All entries that follow are to be printed exactly as written.

Start of DATA FOR THIS EXERCISE

lemma prox_solution_variational:
  assumes \<mu>: "0 < \<mu>" and V: "prox_solution X \<mu> V" and W: "W \<in> tangent X"
  shows "0 \<le> s (X + V + W) - s (X + V) + (grad_gsm \<mu> X + (1 / \<mu>) *\<^sub>R V) \<bullet> W"
proof (rule nonneg_of_forall_add_mult_nonneg[where c = "(norm W)\<^sup>2 / (2 * \<mu>)"])
  fix t :: real assume t: "0 < t" "t \<le> 1"
  define a where "a = grad_gsm \<mu> X"
  define Z where "Z = X + V"
  have "V \<in> tangent X"
    using V by (simp add: prox_solution_def)
  then have "V + t *\<^sub>R W \<in> tangent X"
    by (intro subspace_add[OF subspace_tangent] subspace_scale[OF subspace_tangent] W)
  with V have opt: "a \<bullet> V + (norm V)\<^sup>2 / (2 * \<mu>) + s Z
      \<le> a \<bullet> (V + t *\<^sub>R W) + (norm (V + t *\<^sub>R W))\<^sup>2 / (2 * \<mu>) + s (Z + t *\<^sub>R W)"
    by (auto simp: prox_solution_def a_def Z_def add.assoc)
  have "s ((1 - t) *\<^sub>R Z + t *\<^sub>R (Z + W)) \<le> (1 - t) * s Z + t * s (Z + W)"
    using t by (intro convex_onD[OF s_conv]) auto
  moreover have "(1 - t) *\<^sub>R Z + t *\<^sub>R (Z + W) = Z + t *\<^sub>R W"
    by (simp add: algebra_simps)
  ultimately have conv: "s (Z + t *\<^sub>R W) \<le> (1 - t) * s Z + t * s (Z + W)"
    by simp
  have "(norm (V + t *\<^sub>R W))\<^sup>2 = (norm V)\<^sup>2 + 2 * t * (V \<bullet> W) + t\<^sup>2 * (norm W)\<^sup>2"
    unfolding power2_norm_eq_inner
    by (simp add: inner_add_left inner_add_right inner_commute[of W V] power2_eq_square algebra_simps)
  then have "(norm (V + t *\<^sub>R W))\<^sup>2 / (2 * \<mu>)
      = (norm V)\<^sup>2 / (2 * \<mu>) + (2 * t * (V \<bullet> W) + t\<^sup>2 * (norm W)\<^sup>2) / (2 * \<mu>)"
    by (simp add: add_divide_distrib)
  with opt conv have "0 \<le> t * (a \<bullet> W) + (2 * t * (V \<bullet> W) + t\<^sup>2 * (norm W)\<^sup>2) / (2 * \<mu>)
      + t * (s (Z + W) - s Z)"
    by (simp add: inner_add_right algebra_simps)
  also have "\<dots> = t * (s (Z + W) - s Z + (a + (1 / \<mu>) *\<^sub>R V) \<bullet> W + t * ((norm W)\<^sup>2 / (2 * \<mu>)))"
    using \<mu> by (simp add: inner_add_left field_simps power2_eq_square)
  finally show "0 \<le> s (X + V + W) - s (X + V) + (grad_gsm \<mu> X + (1 / \<mu>) *\<^sub>R V) \<bullet> W
      + t * ((norm W)\<^sup>2 / (2 * \<mu>))"
    using t by (simp add: a_def Z_def zero_le_mult_iff)
qed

End of DATA FOR THIS EXERCISE

[ANSWER SPACE]
lemma prox_solution_variational:
  assumes \<mu>: "0 < \<mu>" and V: "prox_solution X \<mu> V" and W: "W \<in> tangent X"
  shows "0 \<le> s (X + V + W) - s (X + V) + (grad_gsm \<mu> X + (1 / \<mu>) *\<^sub>R V) \<bullet> W"
proof (rule nonneg_of_forall_add_mult_nonneg[where c = "(norm W)\<^sup>2 / (2 * \<mu>)"])
  fix t :: real assume t: "0 < t" "t \<le> 1"
  define a where "a = grad_gsm \<mu> X"
  define Z where "Z = X + V"
  have "V \<in> tangent X"
    using V by (simp add: prox_solution_def)
  then have "V + t *\<^sub>R W \<in> tangent X"
    by (intro subspace_add[OF subspace_tangent] subspace_scale[OF subspace_tangent] W)
  with V have opt: "a \<bullet> V + (norm V)\<^sup>2 / (2 * \<mu>) + s Z
      \<le> a \<bullet> (V + t *\<^sub>R W) + (norm (V + t *\<^sub>R W))\<^sup>2 / (2 * \<mu>) + s (Z + t *\<^sub>R W)"
    by (auto simp: prox_solution_def a_def Z_def add.assoc)
  have "s ((1 - t) *\<^sub>R Z + t *\<^sub>R (Z + W)) \<le> (1 - t) * s Z + t * s (Z + W)"
    using t by (intro convex_onD[OF s_conv]) auto
  moreover have "(1 - t) *\<^sub>R Z + t *\<^sub>R (Z + W) = Z + t *\<^sub>R W"
    by (simp add: algebra_simps)
  ultimately have conv: "s (Z + t *\<^sub>R W) \<le> (1 - t) * s Z + t * s (Z + W)"
    by simp
  have "(norm (V + t *\<^sub>R W))\<^sup>2 = (norm V)\<^sup>2 + 2 * t * (V \<bullet> W) + t\<^sup>2 * (norm W)\<^sup>2"
    unfolding power2_norm_eq_inner
    by (simp add: inner_add_left inner_add_right inner_commute[of W V] power2_eq_square algebra_simps)
  then have "(norm (V + t *\<^sub>R W))\<^sup>2 / (2 * \<mu>)
      = (norm V)\<^sup>2 / (2 * \<mu>) + (2 * t * (V \<bullet> W) + t\<^sup>2 * (norm W)\<^sup>2) / (2 * \<mu>)"
    by (simp add: add_divide_distrib)
  with opt conv have "0 \<le> t * (a \<bullet> W) + (2 * t * (V \<bullet> W) + t\<^sup>2 * (norm W)\<^sup>2) / (2 * \<mu>)
      + t * (s (Z + W) - s Z)"
    by (simp add: inner_add_right algebra_simps)
  also have "\<dots> = t * (s (Z + W) - s Z + (a + (1 / \<mu>) *\<^sub>R V) \<bullet> W + t * ((norm W)\<^sup>2 / (2 * \<mu>)))"
    using \<mu> by (simp add: inner_add_left field_simps power2_eq_square)
  finally show "0 \<le> s (X + V + W) - s (X + V) + (grad_gsm \<mu> X + (1 / \<mu>) *\<^sub>R V) \<bullet> W
      + t * ((norm W)\<^sup>2 / (2 * \<mu>))"
    using t by (simp add: a_def Z_def zero_le_mult_iff)
qed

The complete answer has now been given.